1.3.4.9.8 Match Transformation: First N Characters

The First N Characters transformation allows matching to ignore the tail end of values when performing comparisons, by stripping the values to a number (N) of characters as read from the left of the value.

This is similar to using the main Trim Characters processor, trimming to the first few characters of a value.

Use the First N Characters transformation when you want to cluster using the first few characters of an identifier, or if you are matching on an identifier where the tail end of the value might be 'noise'. This is often used in a secondary match rule, using an Exact String Match comparison (see Comparison: Exact String Match), to find possible matches where the key part of the identifier is the same, but where the remaining parts are very different, and therefore hard to find using other comparisons. For example, when matching addresses, if the first 8 characters of the first line of an address are the same, there is quite a strong possibility of a match, even if one of the values may contain much more data than the other.

The following table describes the configuration options:

Configuration Description

Options

Specify the following options:

  • Number of characters: The number of characters (counted from the left) that you want to keep and use when transforming values for an identifier. Type: Integer. Default value: 1.

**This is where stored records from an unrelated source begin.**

lemma map_pmf_pair_eq_pair_bernoulli:
  fixes Q :: "'a pmf"
  assumes "measure_pmf.prob Q {x. A x} = a" "measure_pmf.prob Q {x. B x} = b"
    and "measure_pmf.prob Q {x. A x \<and> B x} = a * b"
    and "0 \<le> a" "a \<le> 1" "0 \<le> b" "b \<le> 1"
  shows "map_pmf (\<lambda>x. (A x, B x)) Q = pair_pmf (bernoulli_pmf a) (bernoulli_pmf b)"
proof (rule pmf_eqI)
  fix z :: "bool \<times> bool"
  obtain u v where z: "z = (u, v)" by (cases z)
  have A_notB: "measure_pmf.prob Q {x. A x \<and> \<not> B x} = a - a * b"
  proof -
    have "{x. A x \<and> \<not> B x} = {x. A x} - {x. A x \<and> B x}" by auto
    then show ?thesis using assms by (simp add: measure_pmf.finite_measure_Diff subset_eq)
  qed
  have notA_B: "measure_pmf.prob Q {x. \<not> A x \<and> B x} = b - a * b"
  proof -
    have "{x. \<not> A x \<and> B x} = {x. B x} - {x. A x \<and> B x}" by auto
    then show ?thesis using assms by (simp add: measure_pmf.finite_measure_Diff subset_eq)
  qed
  have notA_notB: "measure_pmf.prob Q {x. \<not> A x \<and> \<not> B x} = 1 - a - b + a * b"
  proof -
    have "{x. \<not> A x \<and> \<not> B x} = UNIV - {x. B x} - {x. A x \<and> \<not> B x}" by auto
    moreover have "measure_pmf.prob Q (UNIV - {x. B x}) = 1 - b"
      using assms by (simp add: measure_pmf.prob_compl[of "{x. B x}", simplified])
    ultimately show ?thesis
      using A_notB assms by (simp add: measure_pmf.finite_measure_Diff subset_eq)
  qed
  have "pmf (map_pmf (\<lambda>x. (A x, B x)) Q) (u, v) = measure_pmf.prob Q {x. A x = u \<and> B x = v}"
    by (simp add: pmf_map vimage_def)
  then show "pmf (map_pmf (\<lambda>x. (A x, B x)) Q) z = pmf (pair_pmf (bernoulli_pmf a) (bernoulli_pmf b)) z"
    using assms A_notB notA_B notA_notB unfolding z
    by (cases u; cases v) (simp_all add: pmf_pair algebra_simps)
qed

lemma map_incoming1_indep_gains:
  "map_pmf incoming1 (indep_gains pd pc) = pair_pmf (bernoulli_pmf pd) (bernoulli_pmf pc)"
proof -
  have incoming1_eq: "incoming1 = (\<lambda>(a, b). (id a, (fst \<circ> snd) b))"
    by (auto simp: incoming1_def g11_def g21_def)
  show ?thesis
    unfolding indep_gains_def incoming1_eq map_pair
    by (simp add: map_pmf_comp[symmetric] map_fst_pair_pmf map_snd_pair_pmf)
qed

lemma map_incoming2_indep_gains:
  "map_pmf incoming2 (indep_gains pd pc) = pair_pmf (bernoulli_pmf pd) (bernoulli_pmf pc)"
proof -
  have incoming2_eq: "incoming2 = (\<lambda>(a, b). (b, a)) \<circ> (\<lambda>(a, b). (id a, snd b)) \<circ> snd"
    by (auto simp: incoming2_def g22_def g12_def)
  have "map_pmf incoming2 (indep_gains pd pc)
      = map_pmf (\<lambda>(a, b). (b, a)) (pair_pmf (bernoulli_pmf pc) (bernoulli_pmf pd))"
    unfolding indep_gains_def incoming2_eq pmf.map_comp[symmetric]
    by (simp add: map_snd_pair_pmf map_pair)
  then show ?thesis
    by (simp add: pair_commute_pmf[of "bernoulli_pmf pd"])
qed

theorem lemma2:
  fixes pd pc :: real and Q :: "gain pmf"
  assumes "0 \<le> pd" "pd \<le> 1" "0 \<le> pc" "pc \<le> 1"
    and "measure_pmf.prob Q {g. g11 g} = pd" "measure_pmf.prob Q {g. g22 g} = pd"
    and "measure_pmf.prob Q {g. g21 g} = pc" "measure_pmf.prob Q {g. g12 g} = pc"
    and "measure_pmf.prob Q {g. g11 g \<and> g21 g} =
           measure_pmf.prob Q {g. g11 g} * measure_pmf.prob Q {g. g21 g}"
    and "measure_pmf.prob Q {g. g22 g \<and> g12 g} =
           measure_pmf.prob Q {g. g22 g} * measure_pmf.prob Q {g. g12 g}"
  shows "capacity_region (indep_gains pd pc) \<subseteq> capacity_region Q"
proof -
  have "map_pmf incoming1 Q = map_pmf incoming1 (indep_gains pd pc)"
    unfolding map_incoming1_indep_gains unfolding incoming1_def
    by (rule map_pmf_pair_eq_pair_bernoulli) (use assms in auto)
  moreover have "map_pmf incoming2 Q = map_pmf incoming2 (indep_gains pd pc)"
    unfolding map_incoming2_indep_gains unfolding incoming2_def
    by (rule map_pmf_pair_eq_pair_bernoulli) (use assms in auto)
  ultimately have "capacity_region Q = capacity_region (indep_gains pd pc)"
    by (rule capacity_region_cong_incoming)
  then show ?thesis
    by simp
qed

end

  • Characters to ignore: an optional number of characters (counted from the left of the value) that will be skipped before counting a number of characters to keep in the transformed value. This allows you to skip over common prefixes before transforming values. Type: Integer. Default value: 0.

Note:

Whitespace characters such as spaces and carriage returns are counted as characters like any others, if they exist in the values. You may want to use a Trim Whitespace transformation before using this transformation, in order to ensure that you are selecting data characters.

Example configuration

In this example, the First N Characters transformation is used to match the first line of addresses, where it is known that some of these first lines contain more information than just the premise name.

Number of characters: 8

Characters to ignore: 0

Example transformations

The following table shows examples of transformations using the above configuration:

Table 1-80 Example Transformations for First N Characters

Value Transformed Value

Homesteads, 145 Herring Way

Homestea

Homesteads

Homestea

135 Burbage Road, Minster, MI5 6DF

135 Burb

135 Burbage Road

135 Burb